THURSDAY DAY CENTRE The smaller sized table and familiar bricks proved conducive in drawing individuals to the table in a day centre that was soon brimming with people, and by the end of the afternoon of bodies warming up from the cold, smelling of sweat and wood smoke. Numbers of refugees appear to be rising with many familiar alongside new faces. A volunteer we have known across the past two years joined us to make his perfect corner.
There was an unusual theme of animals – personal stories narrated of looking after pigeons, rabbits, dogs, chickens and horses. These were told with tenderness and heartache – from Iraq, Pakistan and journeys on route to France.
DISTRIBUTION We set up with Médecins du Monde this week and were able to choose our corner. Several people came from the woods and surrounding area to see the Doctor, and drawn by the map which one man said looked ‘beautiful’. We met men from Kurdistan, Iran, Iraq, Afghanistan, Liberia, Burkino Faso, DRC, and Sudan. One young man was impressed by seeing how far he has travelled, carefully tracing his journey onto the map, marking down the months spent in each place as he went.
A man from Darfur spoke articulately about mental ill health in this setting – “you see how this situation affects people here; some people are ill in the heart.

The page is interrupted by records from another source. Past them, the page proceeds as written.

(* Let $n\ge1$, let $f:\{0,1\}^n\to\{0,1\}^n$ be a Boolean model, and let $h$ be a multivalued refinement of $f$ on $X=\prod_{j=1}^n\{0,1,\dots,m_j\}$ built by the threshold construction described in the context. Let $J=\{j: m_j>1\}$ and suppose no component $g_j$ with $j\in J$ is self-inhibited. For a Boolean state $\omega$, let $\omega'\in X$ be obtained from $\omega$ by replacing, for each $j\in J$, the coordinate $\omega_j$ by $m_j$ whenever $\omega_j=1$. (1) If $\omega$ is a fixed point of $f$, then $\omega'$ is a fixed point of $h$; moreover every fixed point of $h$ is of the form $\omega'$ for some fixed point $\omega$ of $f$. (2) If the attractors of the asynchronous dynamics of $f$ are exactly $l$ fixed points $\omega^{(1)},\dots,\omega^{(l)}$, then $\omega'^{(1)},\dots,\omega'^{(l)}$ are the only attractors of the asynchronous dynamics of $h$.
   Context: Asynchronous dynamics of a map $h:X\to X$ ($X=\prod_j\{0,\dots,m_j\}$, $h_j(x)-x_j\in\{-1,0,1\}$): a transition $x\to y$ exists if there is $i_0$ with $x_{i_0}\neq h_{i_0}(x)$, $y_{i_0}=x_{i_0}+\mathrm{sign}(h_{i_0}(x)-x_{i_0})$, $y_j=x_j$ otherwise. The attractors are the terminal strongly connected components of this state transition graph; a fixed point is a state $x$ with $h(x)=x$. For $x\in X$, $\alpha(x)=\{x'\in\{0,1\}^n:\forall j,\ (x_j=0\Rightarrow x'_j=0),(x_j=m_j\Rightarrow x'_j=1)\}$. A multivalued model $h$ is a refinement of $f$ if for all $x\in X$, $j$: $h_j(x)<x_j\Rightarrow\exists x'\in\alpha(x), f_j(x')<x'_j$ and $h_j(x)>x_j\Rightarrow\exists x'\in\alpha(x), f_j(x')>x'_j$. Threshold construction: write each $f_{j_0}$ in a shortest disjunctive normal form of literals $x_j$ or $\neg x_j$; for each literal whose variable $j$ has $m_j>1$, choose $s\in\{0,\dots,m_j-1\}$ and replace $x_j$ by $x_j\ge s+1$, $\neg x_j$ by $x_j<s+1$; set $\mathcal H_{j_0}(x)=+1$ if the resulting formula is true at $x\in X$ and $-1$ otherwise, and $h_j(x)=\max(0,\min(m_j,x_j+\mathcal H_j(x)))$. Component $g_j$ is self-inhibited if $\neg x_j$ occurs in the shortest DNF of $f_j$. *)

theory Defs
  imports Main
begin

text \<open>Components are indexed by 0..n-1. A state is a function nat => nat that
  vanishes outside {0..<n}. The state space X = prod_j {0..m_j}.\<close>

definition state_space :: "(nat \<Rightarrow> nat) \<Rightarrow> nat \<Rightarrow> (nat \<Rightarrow> nat) set" where
  "state_space m n = {x. (\<forall>j<n. x j \<le> m j) \<and> (\<forall>j\<ge>n. x j = 0)}"

abbreviation bool_states :: "nat \<Rightarrow> (nat \<Rightarrow> nat) set" where
  "bool_states n \<equiv> state_space (\<lambda>_. 1) n"

definition async_step :: "(nat \<Rightarrow> nat) \<Rightarrow> nat \<Rightarrow> ((nat \<Rightarrow> nat) \<Rightarrow> nat \<Rightarrow> nat)
    \<Rightarrow> (nat \<Rightarrow> nat) \<Rightarrow> (nat \<Rightarrow> nat) \<Rightarrow> bool" where
  "async_step m n h x y \<longleftrightarrow> x \<in> state_space m n \<and>
     (\<exists>i<n. x i \<noteq> h x i \<and>
        y = x(i := (if x i < h x i then x i + 1 else x i - 1)))"

abbreviation reach where
  "reach m n h \<equiv> (async_step m n h)\<^sup>*\<^sup>*"

definition is_attractor :: "(nat \<Rightarrow> nat) \<Rightarrow> nat \<Rightarrow> ((nat \<Rightarrow> nat) \<Rightarrow> nat \<Rightarrow> nat)
    \<Rightarrow> (nat \<Rightarrow> nat) set \<Rightarrow> bool" where
  "is_attractor m n h A \<longleftrightarrow> A \<noteq> {} \<and> A \<subseteq> state_space m n \<and>
     (\<forall>x\<in>A. \<forall>y\<in>A. reach m n h x y) \<and>
     (\<forall>x\<in>A. \<forall>y. reach m n h x y \<longrightarrow> y \<in> A)"

definition attractors :: "(nat \<Rightarrow> nat) \<Rightarrow> nat \<Rightarrow> ((nat \<Rightarrow> nat) \<Rightarrow> nat \<Rightarrow> nat)
    \<Rightarrow> (nat \<Rightarrow> nat) set set" where
  "attractors m n h = {A. is_attractor m n h A}"
(* Let $n \ge 1$ and let $X_1,\dots,X_n$ be independent Bernoulli random variables with $P(X_i=1)=p_i$, where $p_1 \le p_2 \le \cdots \le p_n$. For an integer $\theta$, let $\Pi_\theta(X_1,\dots,X_n)=1$ if $\sum_i X_i \ge \theta$ and $0$ otherwise. Consider adaptive transmission orderings: at each step a node that has not yet transmitted is chosen as a (deterministic) function of the bits broadcast so far, and it broadcasts its bit $X_i$; the process stops once the value of the function is determined by the broadcast bits. Then for every $0 \le k \le n-1$, among the orderings that minimize the expected number of broadcast bits needed to determine $\Pi_{n-k}(X_1,\dots,X_n)$, there is one in which node $k+1$ transmits first. Equivalently, defining for a set $S$ of nodes and integer $\theta$: $C(S,\theta)=0$ if $\theta\le 0$ or $\theta>|S|$, and otherwise $C(S,\theta)=\min_{i\in S}\{1+p_i\,C(S\setminus\{i\},\theta-1)+(1-p_i)\,C(S\setminus\{i\},\theta)\}$, the minimum defining $C(\{1,\dots,n\},n-k)$ is attained at $i=k+1$.
   Context: Setting: a collocated (broadcast) network of $n$ nodes, every transmission is heard by all nodes, at most one node transmits at a time, and collisions convey no information, so the identity of the node sending the $j$-th bit depends only on the previously broadcast bits. Each node $i$ holds a single bit $X_i$, and every node must compute $\Pi_{n-k}(X_1,\dots,X_n)$ with zero error. $C(S,\theta)$ is the minimum expected number of broadcast bits needed to compute the threshold function with threshold $\theta$ of the bits of the nodes in $S$. *)

theory Defs
  imports Complex_Main
begin

text \<open>Nodes are natural numbers, p i is the probability
  that node i holds bit 1. The auxiliary first argument is a recursion depth
  equal to the cardinality of the node set (see C below).\<close>

fun Cf :: "nat \<Rightarrow> (nat \<Rightarrow> real) \<Rightarrow> nat set \<Rightarrow> int \<Rightarrow> real" where
  "Cf 0 p S \<theta> = 0"
| "Cf (Suc m) p S \<theta> =
     (if \<theta> \<le> 0 \<or> \<theta> > int (Suc m) then 0
      else Min ((\<lambda>i. 1 + p i * Cf m p (S - {i}) (\<theta> - 1)
                     + (1 - p i) * Cf m p (S - {i}) \<theta>) ` S))"

definition C :: "(nat \<Rightarrow> real) \<Rightarrow> nat set \<Rightarrow> int \<Rightarrow> real" where
  "C p S \<theta> = Cf (card S) p S \<theta>"

end

theory Submission
  imports Defs
begin

text \<open>
  Write the probabilities of the nodes of \<open>S\<close> in increasing order as a list \<open>xs\<close> of length
  \<open>s\<close>. Then \<open>C(S,\<theta>)\<close> has the closed form \<open>cost xs \<theta>\<close>, a sum of cumulative Poisson binomial
  probabilities of the suffixes of \<open>xs\<close> plus the same expression for the dual list (bits
  complemented, order reversed, threshold \<open>s + 1 - \<theta>\<close>). This is checked against the recursion
  defining \<open>C\<close>: letting the \<open>i\<close>-th node transmit first and then proceeding optimally costs
  \<open>cost xs \<theta>\<close> plus two sums of the form \<open>\<Sum>t>i. (x\<^sub>t - x\<^sub>i) P(exactly \<theta> - 1 ones after position t)\<close>,
  one for \<open>xs\<close> and one for its dual. Both are nonnegative because the probabilities are sorted, and
  both vanish for \<open>i = s - \<theta>\<close>, i.e. for node \<open>k + 1\<close> when \<open>\<theta> = n - k\<close>.
\<close>

fun poibin_cdf :: "real list \<Rightarrow> int \<Rightarrow> real" where
  "poibin_cdf [] k = (if 0 \<le> k then 1 else 0)"
| "poibin_cdf (x # xs) k = x * poibin_cdf xs (k - 1) + (1 - x) * poibin_cdf xs k"

fun poibin_pmf :: "real list \<Rightarrow> int \<Rightarrow> real" where
  "poibin_pmf [] k = (if k = 0 then 1 else 0)"
| "poibin_pmf (x # xs) k = x * poibin_pmf xs (k - 1) + (1 - x) * poibin_pmf xs k"

lemma poibin_cdf_neg: "k < 0 \<Longrightarrow> poibin_cdf xs k = 0"
  by (induction xs arbitrary: k) auto

lemma poibin_cdf_ge_length: "int (length xs) \<le> k \<Longrightarrow> poibin_cdf xs k = 1"
  by (induction xs arbitrary: k) auto

lemma poibin_pmf_gt_length: "int (length xs) < k \<Longrightarrow> poibin_pmf xs k = 0"
  by (induction xs arbitrary: k) auto

lemma poibin_pmf_nonneg: "set xs \<subseteq> {0..1} \<Longrightarrow> 0 \<le> poibin_pmf xs k"
proof (induction xs arbitrary: k)
  case (Cons x xs)
  then have "0 \<le> x" "0 \<le> 1 - x" "0 \<le> poibin_pmf xs (k - 1)" "0 \<le> poibin_pmf xs k"
    by auto
  then show ?case by simp
qed simp

lemma poibin_cdf_diff: "poibin_cdf xs k - poibin_cdf xs (k - 1) = poibin_pmf xs k"
proof (induction xs arbitrary: k)
  case (Cons x xs)
  have "poibin_cdf (x # xs) k - poibin_cdf (x # xs) (k - 1)
      = x * (poibin_cdf xs (k - 1) - poibin_cdf xs (k - 1 - 1)) + (1 - x) * (poibin_cdf xs k - poibin_cdf xs (k - 1))"
    by (simp add: algebra_simps)
  then show ?case by (simp only: Cons.IH poibin_pmf.simps)
qed simp

lemma poibin_cdf_Cons_eq: "poibin_cdf (x # xs) k = poibin_cdf xs k - x * poibin_pmf xs k"
  using poibin_cdf_diff[of xs k] by (simp add: algebra_simps)

lemma poibin_cdf_append_Cons:
  "poibin_cdf (us @ y # vs) k = y * poibin_cdf (us @ vs) (k - 1) + (1 - y) * poibin_cdf (us @ vs) k"
proof (induction us arbitrary: k)
  case (Cons u us)
  show ?case
    by (simp only: append_Cons poibin_cdf.simps Cons.IH) (simp add: algebra_simps)
qed simp
definition op_scale :: "complex \<Rightarrow> 'n::finite qop \<Rightarrow> 'n qop" where
  "op_scale c A z w = c * A z w"

definition op_sum :: "('i \<Rightarrow> 'n::finite qop) \<Rightarrow> 'i set \<Rightarrow> 'n qop" where
  "op_sum F S z w = (\<Sum>i\<in>S. F i z w)"

definition op_mult :: "'n::finite qop \<Rightarrow> 'n qop \<Rightarrow> 'n qop" where
  "op_mult A B z w = (\<Sum>u\<in>UNIV. A z u * B u w)"

primrec op_pow :: "'n::finite qop \<Rightarrow> nat \<Rightarrow> 'n qop" where
  "op_pow A 0 = op_id"
| "op_pow A (Suc k) = op_mult A (op_pow A k)"

definition op_exp :: "'n::finite qop \<Rightarrow> 'n qop" where
  "op_exp A z w = (\<Sum>k. op_pow A k z w / of_nat (fact k))"

definition op_apply :: "'n::finite qop \<Rightarrow> 'n qstate \<Rightarrow> 'n qstate" where
  "op_apply A v z = (\<Sum>w\<in>UNIV. A z w * v w)"

definition expect :: "'n::finite qstate \<Rightarrow> 'n qop \<Rightarrow> complex" where
  "expect \<psi> A = (\<Sum>z\<in>UNIV. \<Sum>w\<in>UNIV. cnj (\<psi> z) * A z w * \<psi> w)"

definition sigma_z :: "'n \<Rightarrow> 'n::finite qop" where
  "sigma_z i z w = (if z = w then spin (z i) else 0)"

definition sigma_x :: "'n \<Rightarrow> 'n::finite qop" where
  "sigma_x i z w = (if z = w(i := \<not> w i) then 1 else 0)"

definition simple_graph :: "'n set set \<Rightarrow> bool" where
  "simple_graph E \<longleftrightarrow> (\<forall>e\<in>E. card e = 2)"

definition degree :: "'n set set \<Rightarrow> 'n \<Rightarrow> nat" where
  "degree E j = card {e\<in>E. j \<in> e}"

definition mis_C :: "'n::{finite,linorder} set set \<Rightarrow> real \<Rightarrow> 'n qop" where
  "mis_C E lam = op_add
     (op_scale (-1) (op_sum (\<lambda>i. op_add (sigma_z i) op_id) UNIV))
     (op_scale (complex_of_real lam)
        (op_sum (\<lambda>e. op_mult (op_add (sigma_z (Min e)) op_id) (op_add (sigma_z (Max e)) op_id)) E))"

definition mix_B :: "'n::finite qop" where
  "mix_B = op_scale (-1) (op_sum sigma_x UNIV)"

definition phi0 :: "'n::finite qstate" where
  "phi0 z = complex_of_real (2 powr (- real CARD('n) / 2))"

definition qaoa_state :: "'n::{finite,linorder} set set \<Rightarrow> real \<Rightarrow> real \<Rightarrow> real \<Rightarrow> 'n qstate" where
  "qaoa_state E lam \<beta> \<gamma> =
     op_apply (op_exp (op_scale (- \<i> * complex_of_real \<beta>) mix_B))
       (op_apply (op_exp (op_scale (- \<i> * complex_of_real \<gamma>) (mis_C E lam))) phi0)"

end

theory Submission
  imports Defs
begin

text \<open>The cost operator is diagonal, so \<open>exp (-i \<gamma> C)\<close> only multiplies each uniform
  amplitude by the phase \<open>exp (-i \<gamma> c(z))\<close>, while \<open>exp (-i \<beta> B)\<close> is the tensor power of
  the one-qubit rotation \<open>cos \<beta> I + i sin \<beta> X\<close> (diagonalise \<open>\<Sum>\<^sub>i X\<^sub>i\<close> with the
  Hadamard transform). Conjugating \<open>Z\<^sub>j\<close> by this product gives an operator acting on qubit
  \<open>j\<close> alone, with diagonal entries \<open>s cos 2\<beta>\<close> and off-diagonal entries \<open>i s sin 2\<beta>\<close>.
  The diagonal part averages to zero; the off-diagonal part pairs each \<open>z\<close> with its
  \<open>j\<close>-flip, whose cost differs by \<open>2 s\<^sub>j (-1 + \<lambda> \<Sum>\<^sub>k\<^sub>\<sim>\<^sub>j (s\<^sub>k + 1))\<close>.
  Averaging over the independent bits, each neighbour contributes the factor
  \<open>(1 + exp (4 i \<gamma> \<lambda> s\<^sub>j)) / 2 = exp (2 i \<gamma> \<lambda> s\<^sub>j) cos 2\<gamma>\<lambda>\<close>, and the two values
  \<open>s\<^sub>j = \<plusminus>1\<close> combine into \<open>sin 2\<gamma>(1 - d\<^sub>j \<lambda>)\<close>.\<close>

section \<open>Sums over bit strings\<close>

lemma sum_fun_prod_eq_prod_sum:
  fixes f :: "'a::finite \<Rightarrow> 'b::finite \<Rightarrow> 'c::comm_semiring_1"
  shows "(\<Sum>w\<in>UNIV. \<Prod>i\<in>UNIV. f i (w i)) = (\<Prod>i\<in>UNIV. \<Sum>b\<in>UNIV. f i b)"
  by (subst prod_sum_PiE) (simp_all add: PiE_UNIV_domain)
(* Let $G(\mathcal V,\mathcal E)$ be a finite simple directed graph and $f\ge 0$ an integer, and assume Condition 1 holds for $G$. Let $A,B,F$ be a partition of $\mathcal V$ with $A,B$ both non-empty and $|F|\le f$. If it is not the case that $B \Rightarrow_{\mathcal V - F} A$, then there exist sets $A',B'$ such that: $A'$ and $B'$ are both non-empty; $A',B'$ form a partition of $A\cup B$; $A'\subseteq A$ and $B\subseteq B'$; and $B'\not\rightarrow A'$.
   Context: For disjoint sets $X,Y\subseteq\mathcal V$ with $Y$ non-empty, $X\rightarrow Y$ means that $X$ contains at least $f+1$ distinct nodes $i$ such that $(i,j)\in\mathcal E$ for some $j\in Y$; $X\not\rightarrow Y$ means this fails. Condition 1: for every partition $L,C,R,F$ of $\mathcal V$ (with $C$ or $F$ possibly empty) such that $L,R$ are non-empty and $|F|\le f$, either $L\cup C\rightarrow R$ or $R\cup C\rightarrow L$. An $(X,y)$-path is a directed path from some node of $X$ to the node $y\notin X$; it excludes $F$ if it contains no node of $F$; $(X,y)$-paths are disjoint if they pairwise share only $y$. For pairwise disjoint $X,Y,F$ with $|F|\le f$, $X \Rightarrow_{\mathcal V - F} Y$ means: $Y=\emptyset$, or every $y\in Y$ has at least $f+1$ pairwise disjoint $(X,y)$-paths excluding $F$. *)

theory Defs
  imports Main
begin

definition simple_digraph :: "'a set \<Rightarrow> ('a \<times> 'a) set \<Rightarrow> bool" where
  "simple_digraph V E \<longleftrightarrow> finite V \<and> E \<subseteq> V \<times> V \<and> (\<forall>v. (v, v) \<notin> E)"

definition reaches :: "nat \<Rightarrow> ('a \<times> 'a) set \<Rightarrow> 'a set \<Rightarrow> 'a set \<Rightarrow> bool" where
  "reaches f E X Y \<longleftrightarrow> f + 1 \<le> card {i \<in> X. \<exists>j \<in> Y. (i, j) \<in> E}"

definition condition1 :: "nat \<Rightarrow> 'a set \<Rightarrow> ('a \<times> 'a) set \<Rightarrow> bool" where
  "condition1 f V E \<longleftrightarrow>
    (\<forall>L C R F. L \<union> C \<union> R \<union> F = V \<and> L \<inter> C = {} \<and> L \<inter> R = {} \<and> L \<inter> F = {}
        \<and> C \<inter> R = {} \<and> C \<inter> F = {} \<and> R \<inter> F = {}
        \<and> L \<noteq> {} \<and> R \<noteq> {} \<and> card F \<le> f
      \<longrightarrow> reaches f E (L \<union> C) R \<or> reaches f E (R \<union> C) L)"

definition dpath :: "'a set \<Rightarrow> ('a \<times> 'a) set \<Rightarrow> 'a list \<Rightarrow> bool" where
  "dpath V E p \<longleftrightarrow> p \<noteq> [] \<and> distinct p \<and> set p \<subseteq> V
      \<and> (\<forall>k. Suc k < length p \<longrightarrow> (p ! k, p ! Suc k) \<in> E)"

definition Xy_path :: "'a set \<Rightarrow> ('a \<times> 'a) set \<Rightarrow> 'a set \<Rightarrow> 'a \<Rightarrow> 'a list \<Rightarrow> bool" where
  "Xy_path V E X y p \<longleftrightarrow> dpath V E p \<and> hd p \<in> X \<and> last p = y"

definition reaches_paths :: "nat \<Rightarrow> 'a set \<Rightarrow> ('a \<times> 'a) set \<Rightarrow> 'a set \<Rightarrow> 'a set \<Rightarrow> 'a set \<Rightarrow> bool" where
  "reaches_paths f V E F X Y \<longleftrightarrow> Y = {} \<or>
     (\<forall>y \<in> Y. \<exists>P. finite P \<and> f + 1 \<le> card P
        \<and> (\<forall>p \<in> P. Xy_path V E X y p \<and> set p \<inter> F = {})
        \<and> (\<forall>p \<in> P. \<forall>q \<in> P. p \<noteq> q \<longrightarrow> set p \<inter> set q \<subseteq> {y}))"

end

theory Submission
  imports Defs "HOL-Library.Sublist"
begin

text \<open>If some y in A is not joined to B by f + 1 paths that avoid F and are disjoint apart
  from y, then by Menger's theorem at most f vertices of A \<union> B - {y} separate B from the
  in-neighbours of y. Take for A' the vertex y together with everything that still reaches an
  in-neighbour of y past this separator: an edge entering A' from the rest of A \<union> B must start
  in the separator, so fewer than f + 1 vertices of B' = A \<union> B - A' have edges into A'.\<close>

section \<open>Walks\<close>

fun walk :: "('a \<times> 'a) set \<Rightarrow> 'a list \<Rightarrow> bool" where
  "walk E [] = True"
| "walk E [v] = True"
| "walk E (u # v # vs) = ((u, v) \<in> E \<and> walk E (v # vs))"
lemma large_cuts_parameters:
  fixes \<gamma> :: real
  assumes \<gamma>: "1 < \<gamma>"
  obtains \<epsilon> \<beta> \<theta> c where "0 < \<epsilon>" "\<epsilon> \<le> 1" "0 < \<beta>" "\<beta> \<le> 1" "0 < \<theta>" "\<theta> \<le> 1"
    "1 + \<theta> \<le> \<gamma> * (1 - \<epsilon> * (2 + ln (1 / \<epsilon>)) - \<beta>)"
    "0 < c" "16 * exp 1 * c / \<epsilon> \<le> exp (- 16 / (\<epsilon> * \<gamma>))"
proof -
  define \<eta> where "\<eta> = (\<gamma> - 1) / (2 * \<gamma>)"
  define \<epsilon> where "\<epsilon> = (\<eta> / 4)\<^sup>2"
  define \<beta> where "\<beta> = (\<gamma> - 1) / (4 * \<gamma>)"
  define c where "c = \<epsilon> * exp (- 16 / (\<epsilon> * \<gamma>)) / (16 * exp 1)"
  have \<eta>: "0 < \<eta>" "\<eta> \<le> 1"
    using \<gamma> by (auto simp: \<eta>_def field_simps)
  then have \<epsilon>: "0 < \<epsilon>" "\<epsilon> \<le> 1"
    by (auto simp: \<epsilon>_def power_le_one)
  have "\<epsilon> * (2 + ln (1 / \<epsilon>)) \<le> \<eta>"
    using square_two_plus_ln_inverse_le[of "\<eta> / 4"] \<eta> by (simp add: \<epsilon>_def)
  then have "\<gamma> * (1 - \<eta> - \<beta>) \<le> \<gamma> * (1 - \<epsilon> * (2 + ln (1 / \<epsilon>)) - \<beta>)"
    using \<gamma> by (intro mult_left_mono) auto
  moreover have "\<gamma> * (1 - \<eta> - \<beta>) = 1 + (\<gamma> - 1) / 4"
    using \<gamma> by (simp add: \<eta>_def \<beta>_def field_simps)
  ultimately have "1 + min ((\<gamma> - 1) / 4) 1 \<le> \<gamma> * (1 - \<epsilon> * (2 + ln (1 / \<epsilon>)) - \<beta>)"
    by linarith
  moreover have "0 < \<beta>" "\<beta> \<le> 1" "0 < min ((\<gamma> - 1) / 4) 1"
    using \<gamma> by (auto simp: \<beta>_def field_simps)
  moreover have "0 < c" "16 * exp 1 * c / \<epsilon> \<le> exp (- 16 / (\<epsilon> * \<gamma>))"
    using \<epsilon> by (auto simp: c_def)
  ultimately show thesis
    using \<epsilon> by (intro that) auto
qed

theorem lemma4p15:
  fixes \<gamma> :: real
  assumes "\<gamma> > 1"
  shows "\<exists>C > 0. \<exists>N. \<forall>n \<ge> N. \<forall>p :: real.
           \<gamma> * ln (real n) / (real n - 1) \<le> p \<and> p \<le> 1 \<longrightarrow>
           gnp_prob n p (\<lambda>E. \<forall>S. S \<subset> {1..n} \<and> 2 \<le> card S \<and> card S \<le> n - 2 \<longrightarrow>
              real (card (cut_edges E S ({1..n} - S))) \<ge> 1.5 * real (min_degree n E))
           \<ge> 1 - real n powr (- C)"
proof -
  obtain \<epsilon> \<beta> \<theta> c where params: "0 < \<epsilon>" "\<epsilon> \<le> 1" "0 < \<beta>" "\<beta> \<le> 1" "0 < \<theta>" "\<theta> \<le> 1"
      "1 + \<theta> \<le> \<gamma> * (1 - \<epsilon> * (2 + ln (1 / \<epsilon>)) - \<beta>)"
      "0 < c" "16 * exp 1 * c / \<epsilon> \<le> exp (- 16 / (\<epsilon> * \<gamma>))"
    using large_cuts_parameters[OF assms] by blast
  have "\<forall>\<^sub>F n in sequentially. 2 \<le> n \<and> 1 \<le> ln (real n) \<and> 8 / c \<le> ln (real n) \<and>
      29 + 28 * ln (real n) \<le> c * real n / 4 \<and>
      (1 / \<beta> + 3) * real n powr (- \<theta>) \<le> real n powr (- (\<theta> / 2))"
    using params by (intro eventually_conj eventually_ge_at_top; real_asymp)
  then obtain N where N: "\<And>n. N \<le> n \<Longrightarrow> 2 \<le> n \<and> 1 \<le> ln (real n) \<and> 8 / c \<le> ln (real n) \<and>
      29 + 28 * ln (real n) \<le> c * real n / 4 \<and>
      (1 / \<beta> + 3) * real n powr (- \<theta>) \<le> real n powr (- (\<theta> / 2))"
    unfolding eventually_sequentially by blast
  have "1 - real n powr (- (\<theta> / 2)) \<le> gnp_prob n p (large_cuts n)"
    if "N \<le> n" "\<gamma> * ln (real n) / (real n - 1) \<le> p" "p \<le> 1" for n p
  proof -
    have "1 - (1 / \<beta> + 3) * real n powr (- \<theta>) \<le> gnp_prob n p (large_cuts n)"
      using assms params N[OF that(1)] that(2,3) by (intro gnp_prob_large_cuts_ge) auto
    with N[OF that(1)] show ?thesis
      by linarith
  qed
  then show ?thesis
    using params(5) unfolding large_cuts_def[abs_def]
    by (intro exI[of _ "\<theta> / 2"] conjI exI[of _ N]) auto
qed

end
lemma poly_stencil_poly_shift_signed:
  assumes "strict_mono xh" "b \<le> i" "i \<le> b + int l"
    and "nonneg_multiple ((-1) powi (b + int l - i) * dd xh v b (Suc l)) D"
  shows "nonneg_multiple
    (poly (stencil_poly xh v (b + 1) (Suc l)) (xh i) - poly (stencil_poly xh v b (Suc l)) (xh i)) D"
proof -
  define \<sigma> where "\<sigma> = (-1::real) powi (b + int l - i)"
  define \<omega> where "\<omega> = poly (pderiv (node_poly xh {b..b + int l})) (xh i)"
  have "xh (b - 1) < xh (b + int l + 1)"
    using strict_monoD[OF assms(1)] by simp
  moreover have "\<sigma> * \<omega> > 0"
    unfolding \<sigma>_def \<omega>_def using sign_poly_pderiv_node_poly_node[OF assms(1-3)] .
  ultimately have pos: "(xh (b + int l + 1) - xh (b - 1)) * (\<sigma> * \<omega>) \<ge> 0"
    by simp
  have "poly (stencil_poly xh v (b + 1) (Suc l)) (xh i) - poly (stencil_poly xh v b (Suc l)) (xh i)
      = poly (pderiv (neville xh (primitive xh v) b (Suc l)
                      - neville xh (primitive xh v) (b - 1) (Suc l))) (xh i)"
    unfolding stencil_poly_def by (simp add: pderiv_diff del: neville.simps)
  also have "\<dots> = (xh (b + int l + 1) - xh (b - 1)) * dd xh v b (Suc l) * \<omega>"
    unfolding neville_shift_diff[where V = "primitive xh v" and v = v, OF assms(1) primitive_diff]
      \<omega>_def by (simp add: pderiv_smult)
  also have "\<dots> = ((xh (b + int l + 1) - xh (b - 1)) * (\<sigma> * \<omega>)) * (\<sigma> * dd xh v b (Suc l))"
    unfolding \<sigma>_def by (simp add: algebra_simps del: dd.simps)
  finally show ?thesis
    using nonneg_multiple_scale[OF assms(4) pos] unfolding \<sigma>_def by simp
qed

All the W questions take over and then you can’t dream anymore. You can only dream when you are safe.”
SAFE HOUSE We were invited to the Maria Skobtsova safe house to share the daily evening meal with 22 young men and women from Eritrea and the wonderful volunteer team. We were moved by the cooperation shown amongst the young people – cooking, serving 3.5 kilos of pasta, praying together, clearing, washing up.
FRIDAY DAY CENTRE As ever with the brick activity we were moved by the willingness of people to engage, the materials experienced as of quality, in miniature but in proportion, lending themselves to a range of ambitious projects. Unusually those around the table were all from Iran. A bright young woman, in a dirty inadequate refugee camp in Germany for four years, created her dream, open plan apartment. Speaking five languages she spoke of wanting to make something of her life in London. Two men built a solid house together, double walls, strong roof, with an animal-filled garden. An initial sense of irony gave way to full commitment to the process for the half hour it took to create. A third man – his large stone house being an elaborate project – explained that he had built his house back in Iran with a handful of his brothers.
SAFE HOUSE The dining room table of the night before was once again the place for making, this time alongside cards and dominoes. Young men came and went from the table – houses built with individual style and linked together by paths, all in the midst of the usual and reassuring domestic house activity.